_Problem statement:_ From the records below, transcribe only the lines running from the one with "theory Submission" through the one with "The matrix player". Keep both of those end lines.

Data excerpts:
(* Let $\hat\mu\in\operatorname{conv}\{g_1,\dots,g_N\}$ and run the MW–MMW rounds for the fixed center $\hat\mu$ with uniform initialization $w^{(1)}=(1/N,\dots,1/N)$, with $0<\eta_\rho\nu\le1/2$, $0<\eta_w\nu\le1/2$. Then $\bar S=S(\bar w;\hat\mu)$ and $$\|\bar S\|_{op}\le(1+\eta_\rho\nu)(1+\eta_w\nu)\,\mathrm{OPT}(\hat\mu)+\frac{(1+\eta_\rho\nu)\log\frac1{1-\epsilon}}{T\eta_w}+\frac{\log p}{T\eta_\rho}.$$ Consequently, if $\nu>0$, $\epsilon\in(0,1)$, $p\ge2$, and one chooses $$\eta_w=\frac1\nu\sqrt{\frac{\log\frac1{1-\epsilon}}{T}},\quad \eta_\rho=\frac1\nu\sqrt{\frac{\log p}{T}},\quad T\ge4\max\Big\{\log\tfrac1{1-\epsilon},\log p\Big\},$$ then $$\gamma(\bar w;\hat\mu)-\mathrm{OPT}(\hat\mu)\le 4\nu\left(\sqrt{\frac{\log\frac1{1-\epsilon}}{T}}+\sqrt{\frac{\log p}{T}}\right).$$
   Context: Fix integers $N\ge1$, $p\ge1$, $\epsilon\in[0,1)$ and vectors $g_1,\dots,g_N\in\mathbb R^p$. The capped simplex is $\Delta_{N,\epsilon}=\{w\in\mathbb R^N:\sum_n w_n=1,\ 0\le w_n\le \frac{1}{(1-\epsilon)N}\}$; density matrices $\mathfrak D_p=\{\rho\in\mathbb R^{p\times p}:\rho=\rho^\top\succeq0,\mathrm{Tr}\,\rho=1\}$; $\langle A,B\rangle=\mathrm{Tr}(A^\top B)$. For a center $\hat\mu$ and $w\in\mathbb R^N$: $S(w;\hat\mu)=\sum_n w_n(g_n-\hat\mu)(g_n-\hat\mu)^\top$, $\gamma(w;\hat\mu)=\|S(w;\hat\mu)\|_{op}$, $\mathrm{OPT}(\hat\mu)=\min_{w\in\Delta_{N,\epsilon}}\max_{\rho\in\mathfrak D_p}\langle S(w;\hat\mu),\rho\rangle$; $\nu=\max_{i,j}\|g_i-g_j\|_2^2$. Relative entropy: $\mathrm{RE}(w\|v)=\sum_n w_n\log(w_n/v_n)$. MW–MMW rounds for a fixed center $\hat\mu$: $z_n=g_n-\hat\mu$, initial weights $w^{(1)}$, step sizes $\eta_w,\eta_\rho>0$, $T\ge1$. For $t=1,\dots,T$: $S^{(t)}=\sum_n w^{(t)}_n z_nz_n^\top$; $\rho^{(t)}=\exp(\eta_\rho\sum_{t'=1}^t S^{(t')})/\mathrm{Tr}\exp(\eta_\rho\sum_{t'=1}^tS^{(t')})$; $m^{(t)}_n=z_n^\top\rho^{(t)}z_n$; $\tilde w^{(t)}_n=w^{(t)}_n(1-\eta_w m^{(t)}_n)$; $w^{(t+1)}=\arg\min_{w\in\Delta_{N,\epsilon}}\mathrm{RE}(w\|\tilde w^{(t)})$. Outputs: $\bar w=\frac1T\sum_{t=1}^Tw^{(t)}$, $\bar S=\frac1T\sum_{t=1}^TS^{(t)}$. *)

theory Defs
  imports "HOL-Analysis.Analysis"
begin

text \<open>Index types: 'n (with N = CARD('n)) indexes the data points g_1..g_N,
  'p (with p = CARD('p)) indexes the coordinates of R^p. Weights are functions 'n => real.\<close>

definition outer :: "real^'p \<Rightarrow> real^'p \<Rightarrow> real^'p^'p" where
  "outer x y = (\<chi> i j. x$i * y$j)"

definition capped_simplex :: "real \<Rightarrow> ('n::finite \<Rightarrow> real) set" where
  "capped_simplex eps = {w. (\<Sum>n\<in>UNIV. w n) = 1 \<and>
      (\<forall>n. 0 \<le> w n \<and> w n \<le> 1 / ((1 - eps) * real CARD('n)))}"

definition density_matrices :: "(real^'p^'p) set" where
  "density_matrices = {\<rho>. transpose \<rho> = \<rho> \<and> (\<forall>x. 0 \<le> x \<bullet> (\<rho> *v x)) \<and> trace \<rho> = 1}"

definition mat_inner :: "real^'p^'p \<Rightarrow> real^'p^'p \<Rightarrow> real" where
  "mat_inner A B = trace (transpose A ** B)"

definition op_norm :: "real^'p^'p \<Rightarrow> real" where
  "op_norm A = onorm (\<lambda>x. A *v x)"

definition Smat :: "('n::finite \<Rightarrow> real^'p) \<Rightarrow> real^'p \<Rightarrow> ('n \<Rightarrow> real) \<Rightarrow> real^'p^'p" where
  "Smat g mu w = (\<Sum>n\<in>UNIV. w n *\<^sub>R outer (g n - mu) (g n - mu))"

definition gamma_val :: "('n::finite \<Rightarrow> real^'p) \<Rightarrow> real^'p \<Rightarrow> ('n \<Rightarrow> real) \<Rightarrow> real" where
  "gamma_val g mu w = op_norm (Smat g mu w)"

definition OPT :: "real \<Rightarrow> ('n::finite \<Rightarrow> real^'p) \<Rightarrow> real^'p \<Rightarrow> real" where
  "OPT eps g mu = (INF w\<in>capped_simplex eps. SUP \<rho>\<in>density_matrices. mat_inner (Smat g mu w) \<rho>)"

definition nu :: "('n::finite \<Rightarrow> real^'p) \<Rightarrow> real" where
  "nu g = Max {(norm (g i - g j))\<^sup>2 | i j. True}"

definition rel_ent :: "('n::finite \<Rightarrow> real) \<Rightarrow> ('n \<Rightarrow> real) \<Rightarrow> real" where
  "rel_ent w v = (\<Sum>n\<in>UNIV. w n * ln (w n / v n))"

primrec matpow :: "real^'p^'p \<Rightarrow> nat \<Rightarrow> real^'p^'p" where
  "matpow A 0 = mat 1"
| "matpow A (Suc k) = A ** matpow A k"

definition mexp :: "real^'p^'p \<Rightarrow> real^'p^'p" where
  "mexp A = (\<Sum>k. (1 / fact k) *\<^sub>R matpow A k)"

text \<open>Quantities of the MW-MMW rounds, as functions of the weight sequence w (rounds indexed from 1).\<close>
definition S_round :: "('n::finite \<Rightarrow> real^'p) \<Rightarrow> real^'p \<Rightarrow> (nat \<Rightarrow> 'n \<Rightarrow> real) \<Rightarrow> nat \<Rightarrow> real^'p^'p" where
  "S_round g mu w t = Smat g mu (w t)"

definition rho_round :: "('n::finite \<Rightarrow> real^'p) \<Rightarrow> real^'p \<Rightarrow> real \<Rightarrow> (nat \<Rightarrow> 'n \<Rightarrow> real) \<Rightarrow> nat \<Rightarrow> real^'p^'p" where
  "rho_round g mu eta_rho w t =
     (let E = mexp (eta_rho *\<^sub>R (\<Sum>t'\<in>{1..t}. S_round g mu w t')) in (1 / trace E) *\<^sub>R E)"

definition m_round :: "('n::finite \<Rightarrow> real^'p) \<Rightarrow> real^'p \<Rightarrow> real \<Rightarrow> (nat \<Rightarrow> 'n \<Rightarrow> real) \<Rightarrow> nat \<Rightarrow> 'n \<Rightarrow> real" where
  "m_round g mu eta_rho w t n = (g n - mu) \<bullet> (rho_round g mu eta_rho w t *v (g n - mu))"

definition wtilde_round :: "('n::finite \<Rightarrow> real^'p) \<Rightarrow> real^'p \<Rightarrow> real \<Rightarrow> real \<Rightarrow> (nat \<Rightarrow> 'n \<Rightarrow> real) \<Rightarrow> nat \<Rightarrow> 'n \<Rightarrow> real" where
  "wtilde_round g mu eta_w eta_rho w t n = w t n * (1 - eta_w * m_round g mu eta_rho w t n)"

definition mw_mmw_run :: "real \<Rightarrow> ('n::finite \<Rightarrow> real^'p) \<Rightarrow> real^'p \<Rightarrow> real \<Rightarrow> real \<Rightarrow> nat \<Rightarrow> (nat \<Rightarrow> 'n \<Rightarrow> real) \<Rightarrow> bool" where
  "mw_mmw_run eps g mu eta_w eta_rho T w \<longleftrightarrow>
     w 1 = (\<lambda>n. 1 / real CARD('n)) \<and>
     (\<forall>t\<in>{1..T}. w (Suc t) \<in> capped_simplex eps \<and>
        (\<forall>v\<in>capped_simplex eps. rel_ent (w (Suc t)) (wtilde_round g mu eta_w eta_rho w t)
                                  \<le> rel_ent v (wtilde_round g mu eta_w eta_rho w t)))"

definition w_bar :: "nat \<Rightarrow> (nat \<Rightarrow> 'n \<Rightarrow> real) \<Rightarrow> 'n \<Rightarrow> real" where
  "w_bar T w n = (1 / real T) * (\<Sum>t\<in>{1..T}. w t n)"

definition S_bar :: "('n::finite \<Rightarrow> real^'p) \<Rightarrow> real^'p \<Rightarrow> nat \<Rightarrow> (nat \<Rightarrow> 'n \<Rightarrow> real) \<Rightarrow> real^'p^'p" where
  "S_bar g mu T w = (1 / real T) *\<^sub>R (\<Sum>t\<in>{1..T}. S_round g mu w t)"

end

theory Submission
  imports Defs
begin

text \<open>The weight player runs multiplicative weights against the losses
  \<open>m\<^sub>t n = z\<^sub>n\<^sup>T \<rho>\<^sub>t z\<^sub>n\<close>. Each update is a relative-entropy projection onto the capped simplex,
  so the generalised Pythagorean inequality together with \<open>-ln (1 - x) \<le> x + x\<^sup>2\<close> bounds its
  regret against any comparator \<open>u\<close> by \<open>ln (1/(1 - \<epsilon>)) / \<eta>\<^sub>w\<close>, with multiplicative slack
  \<open>1 + \<eta>\<^sub>w \<nu>\<close>; the losses may depend on the weights themselves.
  The matrix player plays the Gibbs state of \<open>\<eta>\<^sub>\<rho> \<Sum>\<^sub>t S\<^sub>t\<close>. By the Gibbs variational principle
  the potential \<open>ln tr exp (\<eta>\<^sub>\<rho> \<Sum>\<^sub>t S\<^sub>t)\<close> grows by at most \<open>\<eta>\<^sub>\<rho> \<langle>S\<^sub>t, \<rho>\<^sub>t\<rangle>\<close> per round, and as
  \<open>\<Sum>\<^sub>t S\<^sub>t = T S_bar\<close> is positive semidefinite its norm is at most the potential over \<open>\<eta>\<^sub>\<rho>\<close>.
  Since \<open>\<langle>S\<^sub>t, \<rho>\<^sub>t\<rangle>\<close> is exactly the weight player's loss, chaining the two regret bounds and
  taking the infimum over \<open>u\<close> gives \<open>\<parallel>S_bar\<parallel> \<le> (1 + \<eta>\<^sub>w \<nu>) OPT + ln (1/(1 - \<epsilon>)) / (T \<eta>\<^sub>w) +
  ln p / (T \<eta>\<^sub>\<rho>)\<close>, which implies the first claim; the second is arithmetic using \<open>OPT \<le> \<nu>\<close>.\<close>

section \<open>Outer products, trace and the trace pairing\<close>

lemma outer_mult_vec: "outer x y *v v = (y \<bullet> v) *\<^sub>R x"
  by (simp add: outer_def matrix_vector_mult_def vec_eq_iff inner_vec_def sum_distrib_left algebra_simps)

lemma transpose_outer: "transpose (outer x y) = outer y x"
  by (simp add: outer_def transpose_def vec_eq_iff)

lemma trace_outer: "trace (outer x y) = x \<bullet> y"
  by (simp add: outer_def trace_def inner_vec_def)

_Solution to this task:_
theory Submission
  imports Defs
begin

text \<open>The weight player runs multiplicative weights against the losses
  \<open>m\<^sub>t n = z\<^sub>n\<^sup>T \<rho>\<^sub>t z\<^sub>n\<close>. Each update is a relative-entropy projection onto the capped simplex,
  so the generalised Pythagorean inequality together with \<open>-ln (1 - x) \<le> x + x\<^sup>2\<close> bounds its
  regret against any comparator \<open>u\<close> by \<open>ln (1/(1 - \<epsilon>)) / \<eta>\<^sub>w\<close>, with multiplicative slack
  \<open>1 + \<eta>\<^sub>w \<nu>\<close>; the losses may depend on the weights themselves.
  The matrix player plays the Gibbs state of \<open>\<eta>\<^sub>\<rho> \<Sum>\<^sub>t S\<^sub>t\<close>. By the Gibbs variational principle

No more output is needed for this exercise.